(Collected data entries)
%%

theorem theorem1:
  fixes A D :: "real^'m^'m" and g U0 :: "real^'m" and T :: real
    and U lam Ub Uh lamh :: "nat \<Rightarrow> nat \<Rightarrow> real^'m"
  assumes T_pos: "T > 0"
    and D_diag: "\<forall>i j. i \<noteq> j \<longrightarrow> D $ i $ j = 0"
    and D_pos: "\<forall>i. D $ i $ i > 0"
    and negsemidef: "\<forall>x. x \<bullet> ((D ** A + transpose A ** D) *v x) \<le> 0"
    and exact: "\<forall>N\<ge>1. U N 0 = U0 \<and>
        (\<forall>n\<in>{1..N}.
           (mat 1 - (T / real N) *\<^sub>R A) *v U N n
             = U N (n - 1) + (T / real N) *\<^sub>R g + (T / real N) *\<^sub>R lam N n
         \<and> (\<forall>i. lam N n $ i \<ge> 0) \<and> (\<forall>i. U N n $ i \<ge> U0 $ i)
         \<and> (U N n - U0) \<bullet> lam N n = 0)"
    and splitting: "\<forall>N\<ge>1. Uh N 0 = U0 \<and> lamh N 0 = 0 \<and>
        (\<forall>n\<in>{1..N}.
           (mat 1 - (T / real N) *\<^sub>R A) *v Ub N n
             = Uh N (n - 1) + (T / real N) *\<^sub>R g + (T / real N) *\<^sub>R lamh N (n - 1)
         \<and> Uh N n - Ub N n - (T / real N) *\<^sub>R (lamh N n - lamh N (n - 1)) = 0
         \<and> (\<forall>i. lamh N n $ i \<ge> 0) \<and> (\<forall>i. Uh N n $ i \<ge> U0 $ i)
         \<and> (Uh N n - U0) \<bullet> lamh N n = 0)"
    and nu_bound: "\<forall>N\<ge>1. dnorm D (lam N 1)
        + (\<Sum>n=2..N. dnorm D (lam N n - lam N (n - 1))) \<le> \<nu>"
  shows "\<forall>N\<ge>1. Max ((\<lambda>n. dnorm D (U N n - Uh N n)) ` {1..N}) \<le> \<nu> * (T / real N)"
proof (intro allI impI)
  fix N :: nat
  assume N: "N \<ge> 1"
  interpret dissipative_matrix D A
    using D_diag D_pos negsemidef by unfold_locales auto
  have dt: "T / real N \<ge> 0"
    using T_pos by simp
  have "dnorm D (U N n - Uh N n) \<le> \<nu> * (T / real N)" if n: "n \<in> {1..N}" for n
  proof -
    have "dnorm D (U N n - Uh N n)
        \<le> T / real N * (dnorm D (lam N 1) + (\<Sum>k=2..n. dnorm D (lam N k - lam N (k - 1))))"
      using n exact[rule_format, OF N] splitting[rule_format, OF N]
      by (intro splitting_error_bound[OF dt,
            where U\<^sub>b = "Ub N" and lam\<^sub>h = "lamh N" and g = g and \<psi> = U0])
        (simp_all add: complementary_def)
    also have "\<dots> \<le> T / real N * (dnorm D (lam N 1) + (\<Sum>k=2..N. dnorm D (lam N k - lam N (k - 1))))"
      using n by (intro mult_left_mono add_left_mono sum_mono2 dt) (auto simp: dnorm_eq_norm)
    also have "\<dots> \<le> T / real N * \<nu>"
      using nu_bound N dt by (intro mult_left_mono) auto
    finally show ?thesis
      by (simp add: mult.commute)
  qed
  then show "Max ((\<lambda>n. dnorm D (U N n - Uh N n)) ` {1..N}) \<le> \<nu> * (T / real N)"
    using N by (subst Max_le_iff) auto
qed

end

%%
%%

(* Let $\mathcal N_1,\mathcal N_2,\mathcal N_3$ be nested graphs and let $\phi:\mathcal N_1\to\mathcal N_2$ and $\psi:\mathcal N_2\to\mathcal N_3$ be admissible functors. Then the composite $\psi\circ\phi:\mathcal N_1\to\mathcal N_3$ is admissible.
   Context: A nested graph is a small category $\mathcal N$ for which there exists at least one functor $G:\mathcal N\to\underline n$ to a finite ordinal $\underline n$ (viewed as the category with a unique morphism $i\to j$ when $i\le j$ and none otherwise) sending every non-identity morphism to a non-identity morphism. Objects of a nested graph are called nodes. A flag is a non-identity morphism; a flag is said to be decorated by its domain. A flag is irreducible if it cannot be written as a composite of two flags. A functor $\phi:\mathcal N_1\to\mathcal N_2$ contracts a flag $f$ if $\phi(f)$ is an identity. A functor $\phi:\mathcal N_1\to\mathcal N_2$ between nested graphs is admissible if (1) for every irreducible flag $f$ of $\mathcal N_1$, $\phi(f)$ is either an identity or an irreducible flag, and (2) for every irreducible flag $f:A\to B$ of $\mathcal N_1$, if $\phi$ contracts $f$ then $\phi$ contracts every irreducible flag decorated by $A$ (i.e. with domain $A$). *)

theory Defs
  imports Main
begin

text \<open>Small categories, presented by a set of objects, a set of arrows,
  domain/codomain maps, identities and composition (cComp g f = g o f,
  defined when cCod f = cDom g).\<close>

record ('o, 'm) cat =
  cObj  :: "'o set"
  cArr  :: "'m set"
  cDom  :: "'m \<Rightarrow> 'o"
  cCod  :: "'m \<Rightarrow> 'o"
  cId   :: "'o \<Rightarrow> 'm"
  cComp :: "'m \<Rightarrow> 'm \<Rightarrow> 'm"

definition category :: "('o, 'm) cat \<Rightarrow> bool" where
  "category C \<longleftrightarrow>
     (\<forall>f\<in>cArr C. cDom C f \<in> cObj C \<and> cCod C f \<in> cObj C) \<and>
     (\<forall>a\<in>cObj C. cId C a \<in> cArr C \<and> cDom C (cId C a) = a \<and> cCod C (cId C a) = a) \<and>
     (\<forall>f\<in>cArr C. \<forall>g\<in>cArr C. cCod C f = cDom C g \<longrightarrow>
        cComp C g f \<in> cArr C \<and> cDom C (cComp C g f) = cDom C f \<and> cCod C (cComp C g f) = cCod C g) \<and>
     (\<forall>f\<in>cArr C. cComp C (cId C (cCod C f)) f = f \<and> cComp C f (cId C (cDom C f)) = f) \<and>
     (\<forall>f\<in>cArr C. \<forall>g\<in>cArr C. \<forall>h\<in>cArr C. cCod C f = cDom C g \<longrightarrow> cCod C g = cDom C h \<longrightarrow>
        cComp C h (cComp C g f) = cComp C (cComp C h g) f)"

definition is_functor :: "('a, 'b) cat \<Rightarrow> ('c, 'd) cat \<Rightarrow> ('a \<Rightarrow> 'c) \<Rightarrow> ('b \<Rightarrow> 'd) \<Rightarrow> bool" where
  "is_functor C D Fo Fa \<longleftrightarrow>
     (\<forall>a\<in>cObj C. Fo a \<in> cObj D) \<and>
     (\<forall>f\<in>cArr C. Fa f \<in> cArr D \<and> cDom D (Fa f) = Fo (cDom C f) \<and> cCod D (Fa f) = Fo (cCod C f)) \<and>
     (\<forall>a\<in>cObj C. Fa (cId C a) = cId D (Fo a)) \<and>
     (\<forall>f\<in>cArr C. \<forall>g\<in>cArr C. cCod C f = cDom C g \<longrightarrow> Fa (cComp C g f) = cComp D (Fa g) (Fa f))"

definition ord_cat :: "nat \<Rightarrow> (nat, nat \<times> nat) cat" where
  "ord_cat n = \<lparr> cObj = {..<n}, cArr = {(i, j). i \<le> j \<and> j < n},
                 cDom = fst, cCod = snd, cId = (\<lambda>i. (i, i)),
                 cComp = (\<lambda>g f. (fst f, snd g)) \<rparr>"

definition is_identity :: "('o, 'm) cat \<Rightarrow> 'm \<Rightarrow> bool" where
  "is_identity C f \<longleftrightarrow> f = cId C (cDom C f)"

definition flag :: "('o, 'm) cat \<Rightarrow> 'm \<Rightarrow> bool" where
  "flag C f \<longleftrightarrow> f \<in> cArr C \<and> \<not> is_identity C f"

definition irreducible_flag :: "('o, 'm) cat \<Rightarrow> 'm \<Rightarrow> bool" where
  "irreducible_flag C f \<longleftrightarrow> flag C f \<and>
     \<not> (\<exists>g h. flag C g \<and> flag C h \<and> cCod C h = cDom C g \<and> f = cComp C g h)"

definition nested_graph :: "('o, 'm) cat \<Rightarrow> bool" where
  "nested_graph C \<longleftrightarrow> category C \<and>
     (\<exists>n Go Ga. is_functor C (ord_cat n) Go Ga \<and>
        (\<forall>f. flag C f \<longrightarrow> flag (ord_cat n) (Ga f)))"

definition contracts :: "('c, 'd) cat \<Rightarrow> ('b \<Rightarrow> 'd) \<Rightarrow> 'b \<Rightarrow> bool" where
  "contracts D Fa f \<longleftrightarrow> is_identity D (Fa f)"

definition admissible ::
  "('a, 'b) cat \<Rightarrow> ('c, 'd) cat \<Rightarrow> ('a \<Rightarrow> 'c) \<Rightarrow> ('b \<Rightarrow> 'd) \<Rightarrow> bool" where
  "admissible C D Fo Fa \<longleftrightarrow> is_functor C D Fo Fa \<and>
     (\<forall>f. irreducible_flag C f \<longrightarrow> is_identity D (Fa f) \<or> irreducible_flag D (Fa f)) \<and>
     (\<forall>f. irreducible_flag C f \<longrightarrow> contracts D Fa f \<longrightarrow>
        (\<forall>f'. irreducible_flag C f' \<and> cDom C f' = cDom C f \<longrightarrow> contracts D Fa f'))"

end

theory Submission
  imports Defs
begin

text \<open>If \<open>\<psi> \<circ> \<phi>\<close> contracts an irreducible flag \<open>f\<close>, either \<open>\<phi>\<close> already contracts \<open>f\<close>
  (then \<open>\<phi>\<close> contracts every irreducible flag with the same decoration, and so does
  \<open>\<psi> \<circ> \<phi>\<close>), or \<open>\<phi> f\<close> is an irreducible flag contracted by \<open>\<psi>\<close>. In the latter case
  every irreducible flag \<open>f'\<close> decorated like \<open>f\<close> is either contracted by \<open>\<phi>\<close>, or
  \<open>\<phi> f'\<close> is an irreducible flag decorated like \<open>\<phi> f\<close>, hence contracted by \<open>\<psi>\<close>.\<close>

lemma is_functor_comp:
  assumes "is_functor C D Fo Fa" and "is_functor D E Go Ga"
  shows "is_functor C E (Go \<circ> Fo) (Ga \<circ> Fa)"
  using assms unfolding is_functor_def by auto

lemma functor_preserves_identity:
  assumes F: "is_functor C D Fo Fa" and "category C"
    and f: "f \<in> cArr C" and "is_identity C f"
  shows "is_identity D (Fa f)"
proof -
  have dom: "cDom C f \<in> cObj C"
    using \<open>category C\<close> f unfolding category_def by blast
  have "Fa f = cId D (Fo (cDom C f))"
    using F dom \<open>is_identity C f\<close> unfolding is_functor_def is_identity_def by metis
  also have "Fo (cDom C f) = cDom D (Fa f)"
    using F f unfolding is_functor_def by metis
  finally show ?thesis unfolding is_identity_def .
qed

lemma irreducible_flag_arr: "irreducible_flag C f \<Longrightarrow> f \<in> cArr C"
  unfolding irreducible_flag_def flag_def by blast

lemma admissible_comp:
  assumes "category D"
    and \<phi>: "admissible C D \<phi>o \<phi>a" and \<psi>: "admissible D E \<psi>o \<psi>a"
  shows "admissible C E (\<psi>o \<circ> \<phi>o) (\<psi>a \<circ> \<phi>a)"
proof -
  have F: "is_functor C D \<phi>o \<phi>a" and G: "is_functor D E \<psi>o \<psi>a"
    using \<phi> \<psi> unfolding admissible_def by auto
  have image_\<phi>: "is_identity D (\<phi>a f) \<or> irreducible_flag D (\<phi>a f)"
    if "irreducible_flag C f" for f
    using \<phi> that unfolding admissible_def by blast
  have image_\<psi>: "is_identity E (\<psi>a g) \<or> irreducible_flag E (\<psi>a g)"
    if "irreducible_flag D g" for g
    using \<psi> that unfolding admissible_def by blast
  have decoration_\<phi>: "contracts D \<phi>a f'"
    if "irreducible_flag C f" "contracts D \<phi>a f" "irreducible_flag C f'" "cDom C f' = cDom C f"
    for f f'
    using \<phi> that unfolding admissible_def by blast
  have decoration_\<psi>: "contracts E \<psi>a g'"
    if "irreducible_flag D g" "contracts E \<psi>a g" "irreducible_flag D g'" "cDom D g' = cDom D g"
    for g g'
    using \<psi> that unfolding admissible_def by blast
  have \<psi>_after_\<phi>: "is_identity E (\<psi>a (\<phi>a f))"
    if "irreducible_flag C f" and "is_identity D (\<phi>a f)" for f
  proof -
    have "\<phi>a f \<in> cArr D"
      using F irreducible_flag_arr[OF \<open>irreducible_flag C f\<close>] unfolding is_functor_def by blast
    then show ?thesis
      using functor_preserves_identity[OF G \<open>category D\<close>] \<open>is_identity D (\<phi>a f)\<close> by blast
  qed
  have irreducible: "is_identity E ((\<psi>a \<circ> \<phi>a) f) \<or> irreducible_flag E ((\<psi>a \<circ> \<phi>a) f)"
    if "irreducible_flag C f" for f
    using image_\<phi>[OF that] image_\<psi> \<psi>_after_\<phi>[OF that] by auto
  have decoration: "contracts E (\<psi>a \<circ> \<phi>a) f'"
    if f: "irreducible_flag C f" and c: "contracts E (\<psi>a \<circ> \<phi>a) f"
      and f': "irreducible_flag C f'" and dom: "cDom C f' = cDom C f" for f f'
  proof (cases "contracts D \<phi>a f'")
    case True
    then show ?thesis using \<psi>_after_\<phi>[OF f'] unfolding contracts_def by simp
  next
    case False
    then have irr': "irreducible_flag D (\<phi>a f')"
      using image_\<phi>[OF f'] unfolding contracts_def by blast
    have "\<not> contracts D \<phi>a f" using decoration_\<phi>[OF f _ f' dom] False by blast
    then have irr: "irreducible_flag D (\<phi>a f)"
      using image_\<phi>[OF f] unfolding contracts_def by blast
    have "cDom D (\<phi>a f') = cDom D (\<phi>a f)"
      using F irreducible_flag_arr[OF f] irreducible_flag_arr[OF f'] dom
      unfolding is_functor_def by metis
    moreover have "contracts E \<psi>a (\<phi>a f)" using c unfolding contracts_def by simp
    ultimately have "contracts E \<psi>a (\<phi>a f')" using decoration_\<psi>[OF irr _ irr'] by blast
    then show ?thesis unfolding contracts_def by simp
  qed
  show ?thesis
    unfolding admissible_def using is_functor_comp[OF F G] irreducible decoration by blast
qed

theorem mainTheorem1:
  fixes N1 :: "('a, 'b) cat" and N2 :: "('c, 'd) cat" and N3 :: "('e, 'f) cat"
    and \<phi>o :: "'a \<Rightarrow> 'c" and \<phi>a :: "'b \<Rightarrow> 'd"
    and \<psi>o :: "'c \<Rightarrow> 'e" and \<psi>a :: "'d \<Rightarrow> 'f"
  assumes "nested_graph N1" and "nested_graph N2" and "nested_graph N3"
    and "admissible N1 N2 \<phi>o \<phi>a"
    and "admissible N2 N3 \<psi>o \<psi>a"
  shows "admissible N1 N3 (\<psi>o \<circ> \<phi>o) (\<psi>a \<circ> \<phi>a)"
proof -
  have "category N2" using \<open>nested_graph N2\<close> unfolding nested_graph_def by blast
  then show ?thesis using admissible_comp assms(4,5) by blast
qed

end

%%

**PROBLEM REQUIREMENTS**
Write out only the lines that run from the line containing "cDom = fst, cCod" through the line containing "f \<longleftrightarrow> f = cId", both included, exactly as they appear above.

**FINAL ANSWER**
                 cDom = fst, cCod = snd, cId = (\<lambda>i. (i, i)),
                 cComp = (\<lambda>g f. (fst f, snd g)) \<rparr>"

definition is_identity :: "('o, 'm) cat \<Rightarrow> 'm \<Rightarrow> bool" where
  "is_identity C f \<longleftrightarrow> f = cId C (cDom C f)"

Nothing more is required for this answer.